2.1. Appellante is in 1989 in dienst getreden bij de Koninklijke Marine (KM). Zij heeft daar administratieve werkzaamheden verricht. Met ingang van 1 juni 2000 is zij eervol ontslagen wegens blijvende ongeschiktheid voor het vervullen van de dienst uit hoofde van een ziekte of een gebrek.
2.2. Bij brief van 1 augustus 2001 heeft appellante de minister aansprakelijk gesteld voor de schade die zij lijdt als gevolg van haar arbeidsgerelateerde klachten, die door de behandelend artsen zijn geduid als Repetitive Strain Injury (RSI). Bij besluit van 12 december 2001 heeft de minister aansprakelijkheid voor de gezondheidsschade van appellante erkend. Daartoe is overwogen dat uit een onderzoek naar voren is gekomen dat de KM niet tijdig de werkruimte van appellante op zodanige wijze heeft ingericht dat de door haar geleden schade kon worden voorkomen of verminderd.

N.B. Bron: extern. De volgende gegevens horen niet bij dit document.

lemma AE_reduce_mod_2pi:
  assumes "AE t in lebesgue. t \<in> {0..2*pi} \<longrightarrow> P t"
  shows "AE r in lebesgue. P (r - 2*pi * \<lfloor>r / (2*pi)\<rfloor>)"
proof -
  obtain N where N: "negligible N" "{t. \<not> (t \<in> {0..2*pi} \<longrightarrow> P t)} \<subseteq> N"
    using assms unfolding eventually_ae_filter_negligible by blast
  define M where "M = (\<Union>k::int. (+) (2*pi * k) ` N)"
  have "negligible M"
    unfolding M_def by (rule negligible_countable_Union) (auto intro: negligible_translation N(1))
  moreover have "r \<in> M" if "\<not> P (r - 2*pi * \<lfloor>r / (2*pi)\<rfloor>)" for r
  proof -
    have "\<lfloor>r / (2*pi)\<rfloor> * (2*pi) \<le> r" "r < (\<lfloor>r / (2*pi)\<rfloor> + 1) * (2*pi)"
      by (simp_all add: floor_divide_lower floor_divide_upper)
    then have "r - 2*pi * \<lfloor>r / (2*pi)\<rfloor> \<in> {0..2*pi}"
      by (simp add: algebra_simps)
    with that N(2) have "r - 2*pi * \<lfloor>r / (2*pi)\<rfloor> \<in> N" by blast
    then have "r \<in> (+) (2*pi * \<lfloor>r / (2*pi)\<rfloor>) ` N"
      by (rule rev_image_eqI) simp
    then show ?thesis
      unfolding M_def by (rule UN_I[OF UNIV_I])
  qed
  ultimately show ?thesis
    unfolding eventually_ae_filter_negligible by blast
qed

definition ode_solution ::
    "(real \<Rightarrow> real) \<Rightarrow> (real \<Rightarrow> real) \<Rightarrow> (real \<Rightarrow> real) \<Rightarrow> (real \<Rightarrow> real) \<Rightarrow> bool" where
  "ode_solution g F U V \<longleftrightarrow> is_primitive U V \<and> is_primitive V (\<lambda>t. g (U t) - F t)"

lemma is_solution_per_ext:
  assumes "is_solution g f u"
  obtains v where "ode_solution g (per_ext f) (per_ext u) (per_ext v)"
proof -
  obtain v w where wd: "weak_deriv u v" "weak_deriv v w"
    and bc: "u 0 = u (2*pi)" "v 0 = v (2*pi)"
    and eq: "AE t in lebesgue. t \<in> {0..2*pi} \<longrightarrow> - w t + g (u t) = f t"
    using assms unfolding is_solution_def by blast
  have prim_u: "is_primitive (per_ext u) (per_ext v)"
    by (rule is_primitive_per_ext[OF weak_deriv_has_integral[OF wd(1)] bc(1)])
  have prim_v: "is_primitive (per_ext v) (per_ext w)"
    by (rule is_primitive_per_ext[OF weak_deriv_has_integral[OF wd(2)] bc(2)])
  have "AE t in lebesgue. per_ext w t = g (per_ext u t) - per_ext f t"
    using AE_reduce_mod_2pi[OF eq] by eventually_elim (simp add: per_ext_def)
  with prim_v have "is_primitive (per_ext v) (\<lambda>t. g (per_ext u t) - per_ext f t)"
    by (rule is_primitive_cong_AE)
  with prim_u show thesis
    by (intro that) (simp add: ode_solution_def)
qed

lemma ode_solution_translate:
  assumes "ode_solution g F U V" "AE t in lebesgue. F (t + c) = F t"
  shows "ode_solution g F (\<lambda>t. U (t + c)) (\<lambda>t. V (t + c))"
proof -
  have U: "is_primitive U V" and V: "is_primitive V (\<lambda>t. g (U t) - F t)"
    using assms(1) unfolding ode_solution_def by simp_all
  have "is_primitive (\<lambda>t. V (t + c)) (\<lambda>t. g (U (t + c)) - F (t + c))"
    using is_primitive_translate[OF V, of c] by simp
  moreover have "AE t in lebesgue. g (U (t + c)) - F (t + c) = g (U (t + c)) - F t"
    using assms(2) by eventually_elim simp
  ultimately have "is_primitive (\<lambda>t. V (t + c)) (\<lambda>t. g (U (t + c)) - F t)"
    by (rule is_primitive_cong_AE)
  with is_primitive_translate[OF U, of c] show ?thesis
    unfolding ode_solution_def by simp
qed

lemma strict_mono_diff_mult_pos:
  fixes g :: "'a::linordered_idom \<Rightarrow> 'a"
  assumes "strict_mono g" "x \<noteq> y"
  shows "(x - y) * (g x - g y) > 0"
  using assms by (cases "x < y") (auto simp: strict_mono_less mult_pos_pos mult_neg_neg)

lemma mono_periodic_derivative_eq_0:
  fixes E :: "real \<Rightarrow> real"
  assumes "mono E" "\<And>x. E (x + L) = E x" "L > 0" "(E has_real_derivative D) (at t)"
  shows "D = 0"
proof (rule DERIV_local_max[OF assms(4), of "L / 2"])
  show "\<forall>y. \<bar>t - y\<bar> < L / 2 \<longrightarrow> E y \<le> E t"
  proof (intro allI impI)
    fix y
    assume "\<bar>t - y\<bar> < L / 2"
    then have "y \<le> t - L / 2 + L" "t - L / 2 \<le> t"
      using \<open>L > 0\<close> by linarith+
    then have "E y \<le> E (t - L / 2 + L)" "E (t - L / 2) \<le> E t"
      using \<open>mono E\<close> by (simp_all add: monoD)
    then show "E y \<le> E t"
      using assms(2)[of "t - L / 2"] by simp
  qed
qed (use assms(3) in simp)
section \<open>Fixed points of \<open>d_s\<close>-contractions\<close>

lemma two_ln_le_diff_inverse:
  fixes s :: real
  assumes "1 \<le> s"
  shows "2 * ln s \<le> s - 1 / s"
proof -
  let ?g = "\<lambda>t::real. t - 1 / t - 2 * ln t"
  have "?g 1 \<le> ?g s"
  proof (rule DERIV_nonneg_imp_nondecreasing[OF assms])
    fix t :: real
    assume "1 \<le> t" "t \<le> s"
    then have "(?g has_real_derivative (1 + 1 / t\<^sup>2 - 2 / t)) (at t)"
      by (auto intro!: derivative_eq_intros simp: power2_eq_square field_simps)
    moreover have "1 + 1 / t\<^sup>2 - 2 / t = (1 - 1 / t)\<^sup>2"
      using \<open>1 \<le> t\<close> by (simp add: power2_eq_square field_simps)
    ultimately show "\<exists>y. (?g has_real_derivative y) (at t) \<and> 0 \<le> y"
      by auto
  qed
  then show ?thesis
    by simp
qed

lemma abs_ln_diff_le_d_s_scalar:
  assumes "0 < a" "0 < b"
  shows "\<bar>ln a - ln b\<bar> \<le> d_s_scalar a b"
proof -
  have ln_le: "ln a - ln b \<le> d_s_scalar a b" if "0 < b" "b \<le> a" for a b :: real
  proof -
    define r where "r = a / b"
    have "1 \<le> r"
      unfolding r_def using that by simp
    have "ln a - ln b = 2 * ln (sqrt r)"
      unfolding r_def using that by (simp add: ln_div ln_sqrt)
    also have "\<dots> \<le> sqrt r - 1 / sqrt r"
      using \<open>1 \<le> r\<close> by (intro two_ln_le_diff_inverse) simp
    also have "\<dots> = (r - 1) / sqrt r"
      using \<open>1 \<le> r\<close> by (simp add: field_simps)
    also have "\<dots> = d_s_scalar a b"
      unfolding r_def using d_s_scalar_eq_ratio[OF that] by simp
    finally show ?thesis .
  qed
  show ?thesis
  proof (cases "b \<le> a")
    case True
    then show ?thesis
      using ln_le[OF assms(2) True] assms by simp
  next
    case False
    then show ?thesis
      using ln_le[of a b] assms d_s_scalar_commute[of a b] by simp
  qed
qed

lemma tendsto_d_s_0_iff:
  assumes z: "posdiag z" and y: "\<And>n. posdiag (y n)"
  shows "(\<lambda>n. d_s (y n) z) \<longlonglongrightarrow> 0 \<longleftrightarrow> (\<forall>i. (\<lambda>n. y n $ i) \<longlonglongrightarrow> z $ i)"
proof
  assume d_s_0: "(\<lambda>n. d_s (y n) z) \<longlonglongrightarrow> 0"
  show "\<forall>i. (\<lambda>n. y n $ i) \<longlonglongrightarrow> z $ i"
  proof
    fix i
    have "\<bar>ln (y n $ i) - ln (z $ i)\<bar> \<le> d_s (y n) z" for n
      using y[of n] z unfolding posdiag_def
      by (intro order_trans[OF abs_ln_diff_le_d_s_scalar d_s_scalar_le_d_s]) auto
    then have "(\<lambda>n. ln (y n $ i) - ln (z $ i)) \<longlonglongrightarrow> 0"
      by (intro Lim_null_comparison[OF _ d_s_0]) simp
    then have "(\<lambda>n. exp (ln (y n $ i))) \<longlonglongrightarrow> exp (ln (z $ i))"
      by (intro tendsto_exp) (simp add: LIM_zero_iff)
    then show "(\<lambda>n. y n $ i) \<longlonglongrightarrow> z $ i"
      using y z unfolding posdiag_def by simp
  qed
next
  assume conv: "\<forall>i. (\<lambda>n. y n $ i) \<longlonglongrightarrow> z $ i"
  have z_pos: "0 < z $ i" for i
    using z unfolding posdiag_def ..
  have "(\<lambda>n. d_s_scalar (y n $ i) (z $ i)) \<longlonglongrightarrow> d_s_scalar (z $ i) (z $ i)" for i
    unfolding d_s_scalar_def using z_pos[of i]
    by (intro tendsto_divide tendsto_rabs tendsto_diff tendsto_real_sqrt tendsto_mult tendsto_const
        conv[rule_format]) simp
  then have "(\<lambda>n. \<Sum>i\<in>UNIV. d_s_scalar (y n $ i) (z $ i)) \<longlonglongrightarrow> (\<Sum>i\<in>UNIV. d_s_scalar (z $ i) (z $ i))"
    by (rule tendsto_sum)
  then have sum_0: "(\<lambda>n. \<Sum>i\<in>UNIV. d_s_scalar (y n $ i) (z $ i)) \<longlonglongrightarrow> 0"
    by (simp add: d_s_scalar_def)
  have "d_s (y n) z \<le> (\<Sum>i\<in>UNIV. d_s_scalar (y n $ i) (z $ i))" for n
    unfolding d_s_le_iff
  proof
    fix i
    show "d_s_scalar (y n $ i) (z $ i) \<le> (\<Sum>i\<in>UNIV. d_s_scalar (y n $ i) (z $ i))"
      using y[of n] z unfolding posdiag_def by (intro member_le_sum d_s_scalar_nonneg) auto
  qed
  then show "(\<lambda>n. d_s (y n) z) \<longlonglongrightarrow> 0"
    using d_s_nonneg[OF y z] by (intro Lim_null_comparison[OF _ sum_0]) simp
qed

lemma convergent_if_increments_le_geometric:
  fixes u :: "nat \<Rightarrow> real"
  assumes "\<And>n. \<bar>u (Suc n) - u n\<bar> \<le> C * q ^ n" and "0 \<le> q" "q < 1"
  shows "convergent u"
proof -
  have "summable (\<lambda>n. C * q ^ n)"
    using assms by (intro summable_mult summable_geometric) simp
  then have "summable (\<lambda>n. u (Suc n) - u n)"
    by (rule summable_comparison_test') (use assms(1) in simp)
  then have "(\<lambda>n. \<Sum>j<n. u (Suc j) - u j) \<longlonglongrightarrow> (\<Sum>n. u (Suc n) - u n)"
    by (rule summable_LIMSEQ)
  then have "(\<lambda>n. u n - u 0) \<longlonglongrightarrow> (\<Sum>n. u (Suc n) - u n)"
    by (simp only: sum_lessThan_telescope)
  then have "(\<lambda>n. (u n - u 0) + u 0) \<longlonglongrightarrow> (\<Sum>n. u (Suc n) - u n) + u 0"
    by (intro tendsto_add tendsto_const)
  then show ?thesis
    unfolding convergent_def by auto
qed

2.3. Bij besluit van 7 februari 2003 heeft de minister beslist over de door appellante gestelde schadeposten voor zover deze geen betrekking hebben op toekomstige schade of immateriële schade. Ten aanzien van medische kosten (contributie sportschool), huishoudelijke hulp, administratiekosten en aanschaf van twee matrassen, een waterbed en een tweede auto is schadevergoeding geweigerd op de grond dat de noodzaak voor het maken van deze kosten niet is aangetoond. Vergoeding voor verlies van arbeidsvermogen en gemist spaarloon is geweigerd op de grond dat niet aannemelijk is dat appellante na de invaliditeitsuitkering die zij ontvangt van het Algemeen Burgerlijk Pensioenfonds (ABP) nog schade lijdt. De geclaimde reiskosten in verband met medische behandelingen komen in beginsel voor vergoeding in aanmerking, maar deze vergoeding wordt niet uitbetaald omdat zij ruimschoots wordt overtroffen door het voordeel dat appellante heeft als gevolg van haar arbeidsongeschiktheidsuitkering, aldus de minister. Appellante heeft tegen dit besluit bezwaar gemaakt.
2.4. In 2004 zijn partijen overeengekomen een onafhankelijk medisch onderzoek te laten instellen door het Neuro-Orthopaedisch Centrum (NOC). Op 1 november 2005 heeft de aan het NOC verbonden neurochirurg P.H.J.M. Elsenburg rapport uitgebracht. Hij stelde de diagnose persisterende klachten van nek- en schouderregio met uitstraling naar de occipitale regio, zonder aantoonbare neurologische afwijkingen en zonder afwijkingen bij beeldvormende diagnostiek. Elsenburg zag op neurologisch vakgebied geen medisch objectiveerbare oorzaken voor de klachten en beperkingen, noch objectiveerbare gegevens op grond waarvan kan worden aangenomen dat bij appellante sprake is van arbeidsgerelateerde gezondheidsschade.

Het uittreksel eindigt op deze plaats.